START DATA
(* Let $c:I\to\mathbb{L}^3$ ($I\subset\mathbb{R}$ an open interval) be a regular real analytic curve which is spacelike or timelike, and let $n:I\to\mathbb{L}^3$ be a real analytic spacelike unit normal vector field along $c$ (i.e. $\langle n,n\rangle=1$ and $\langle n(t),c'(t)\rangle=0$). Then there exists a Born-Infeld soliton general surface which solves the Björling problem for $(c,n)$, i.e. a Born-Infeld soliton general surface $X:\Omega\to\mathbb{L}^3$, with $\Omega\subset\mathbb{R}^2$ open containing $I\times\{0\}$, such that $X(t,0)=c(t)$ and the unit normal of $X$ satisfies $N(t,0)=n(t)$ for all $t\in I$.
   Context: $\mathbb{L}^3$ denotes $\mathbb{R}^3$ with the metric $\langle\cdot,\cdot\rangle$ given by $ds^2=dx^2+dy^2-dz^2$. A function $\psi$ on an open set of the $(u,v)$-plane is a Born-Infeld soliton (in the variables $u,v$) if $(1-\psi_v^2)\psi_{uu}+2\psi_u\psi_v\psi_{uv}-(1+\psi_u^2)\psi_{vv}=0$. A surface is a Born-Infeld soliton general surface if it is locally of the form $(\psi(y,z),y,z)$, $(x,\psi(x,z),z)$ or $(x,y,\psi(x,y))$ where $\psi$ solves the Born-Infeld equation (in the respective pair of variables). *)

theory Defs
  imports "HOL-Analysis.Analysis"
begin

text \<open>Lorentz-Minkowski space L^3: R^3 with ds^2 = dx^2 + dy^2 - dz^2.\<close>
definition lprod :: "real^3 \<Rightarrow> real^3 \<Rightarrow> real" where
  "lprod a b = a$1 * b$1 + a$2 * b$2 - a$3 * b$3"

definition real_analytic_fun_on :: "(real \<Rightarrow> real) \<Rightarrow> real set \<Rightarrow> bool" where
  "real_analytic_fun_on f S \<longleftrightarrow>
     (\<forall>t\<in>S. \<exists>r>0. \<exists>a::nat \<Rightarrow> real.
        \<forall>s\<in>S. \<bar>s - t\<bar> < r \<longrightarrow> (\<lambda>k. a k * (s - t) ^ k) sums f s)"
END DATA
> _INSTRUCTIONS FOR THE TASK_:
From the records above, pick out and copy each line holding the word "soliton".

> _EXERCISE RESULT_:
(* Let $c:I\to\mathbb{L}^3$ ($I\subset\mathbb{R}$ an open interval) be a regular real analytic curve which is spacelike or timelike, and let $n:I\to\mathbb{L}^3$ be a real analytic spacelike unit normal vector field along $c$ (i.e. $\langle n,n\rangle=1$ and $\langle n(t),c'(t)\rangle=0$). Then there exists a Born-Infeld soliton general surface which solves the Björling problem for $(c,n)$, i.e. a Born-Infeld soliton general surface $X:\Omega\to\mathbb{L}^3$, with $\Omega\subset\mathbb{R}^2$ open containing $I\times\{0\}$, such that $X(t,0)=c(t)$ and the unit normal of $X$ satisfies $N(t,0)=n(t)$ for all $t\in I$.
   Context: $\mathbb{L}^3$ denotes $\mathbb{R}^3$ with the metric $\langle\cdot,\cdot\rangle$ given by $ds^2=dx^2+dy^2-dz^2$. A function $\psi$ on an open set of the $(u,v)$-plane is a Born-Infeld soliton (in the variables $u,v$) if $(1-\psi_v^2)\psi_{uu}+2\psi_u\psi_v\psi_{uv}-(1+\psi_u^2)\psi_{vv}=0$. A surface is a Born-Infeld soliton general surface if it is locally of the form $(\psi(y,z),y,z)$, $(x,\psi(x,z),z)$ or $(x,y,\psi(x,y))$ where $\psi$ solves the Born-Infeld equation (in the respective pair of variables). *)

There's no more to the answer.